*** Opening EXERCISE DATA ***

lemma tgamma_level_iff_no_gap:
  assumes L: "\<forall>i\<in>{1..n}. 0 \<le> L i" and l: "0 \<le> l"
  shows "(\<exists>t. tgamma n L sc \<gamma> l = ereal t \<and> sc (n+1) \<le> t \<and> Fcal n L sc t l \<le> \<alpha>) \<longleftrightarrow>
    Fcal n L sc (sc (n+1)) l \<le> \<gamma> \<and>
    (\<forall>t\<in>scoreset n sc. \<not> (\<alpha> < (l + risk_below n L sc t) / (real n + 1)
                              \<and> (l + risk_below n L sc t) / (real n + 1) \<le> \<gamma>))"
proof (cases "Fcal n L sc (sc (n+1)) l \<le> \<gamma>")
  case F: True
  have "sc (n+1) \<in> scoreset n sc" unfolding scoreset_def by simp
  then obtain tm where tm: "tgamma n L sc \<gamma> l = ereal tm" "tm \<in> scoreset n sc"
    "Fcal n L sc tm l \<le> \<gamma>" and s0_tm: "sc (n+1) \<le> tm"
    and tm_max: "\<And>t'. t' \<in> scoreset n sc \<Longrightarrow> Fcal n L sc t' l \<le> \<gamma> \<Longrightarrow> t' \<le> tm"
    using F by (rule tgamma_maximal) blast
  have F_tm: "Fcal n L sc tm l = (l + risk_below n L sc tm) / (real n + 1)"
    using s0_tm unfolding Fcal_eq_risk_below by (simp add: add.commute)
  have below_tm: "(l + risk_below n L sc t) / (real n + 1) \<le> Fcal n L sc tm l"
    if "t \<in> scoreset n sc" "(l + risk_below n L sc t) / (real n + 1) \<le> \<gamma>" for t
  proof -
    have t_tm: "t \<le> tm"
    proof (cases "sc (n+1) \<le> t")
      case True
      then show ?thesis
        using that tm_max unfolding Fcal_eq_risk_below by (simp add: add.commute)
    qed (use s0_tm in simp)
    show ?thesis using shifted_risk_below_le_Fcal[where sc = sc, OF L t_tm s0_tm] .
  qed
  have "(\<forall>t\<in>scoreset n sc. \<not> (\<alpha> < (l + risk_below n L sc t) / (real n + 1)
                                \<and> (l + risk_below n L sc t) / (real n + 1) \<le> \<gamma>))
        \<longleftrightarrow> Fcal n L sc tm l \<le> \<alpha>"
  proof
    assume "\<forall>t\<in>scoreset n sc. \<not> (\<alpha> < (l + risk_below n L sc t) / (real n + 1)
                                \<and> (l + risk_below n L sc t) / (real n + 1) \<le> \<gamma>)"
    then show "Fcal n L sc tm l \<le> \<alpha>"
      using tm(2,3) F_tm by fastforce
  next
    assume "Fcal n L sc tm l \<le> \<alpha>"
    then show "\<forall>t\<in>scoreset n sc. \<not> (\<alpha> < (l + risk_below n L sc t) / (real n + 1)
                                \<and> (l + risk_below n L sc t) / (real n + 1) \<le> \<gamma>)"
      using below_tm by fastforce
  qed
  then show ?thesis
    using F tm(1) s0_tm by auto
next
  case False
  then show ?thesis
    using score_le_tgamma_iff[OF L l, of sc \<gamma>] by auto
qed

*** Closing EXERCISE DATA ***

• **TASK STATEMENT**:
Return each line of the entries that holds the string "ereal".

• **RESULT FOR THIS TASK**:
  shows "(\<exists>t. tgamma n L sc \<gamma> l = ereal t \<and> sc (n+1) \<le> t \<and> Fcal n L sc t l \<le> \<alpha>) \<longleftrightarrow>
  then obtain tm where tm: "tgamma n L sc \<gamma> l = ereal tm" "tm \<in> scoreset n sc"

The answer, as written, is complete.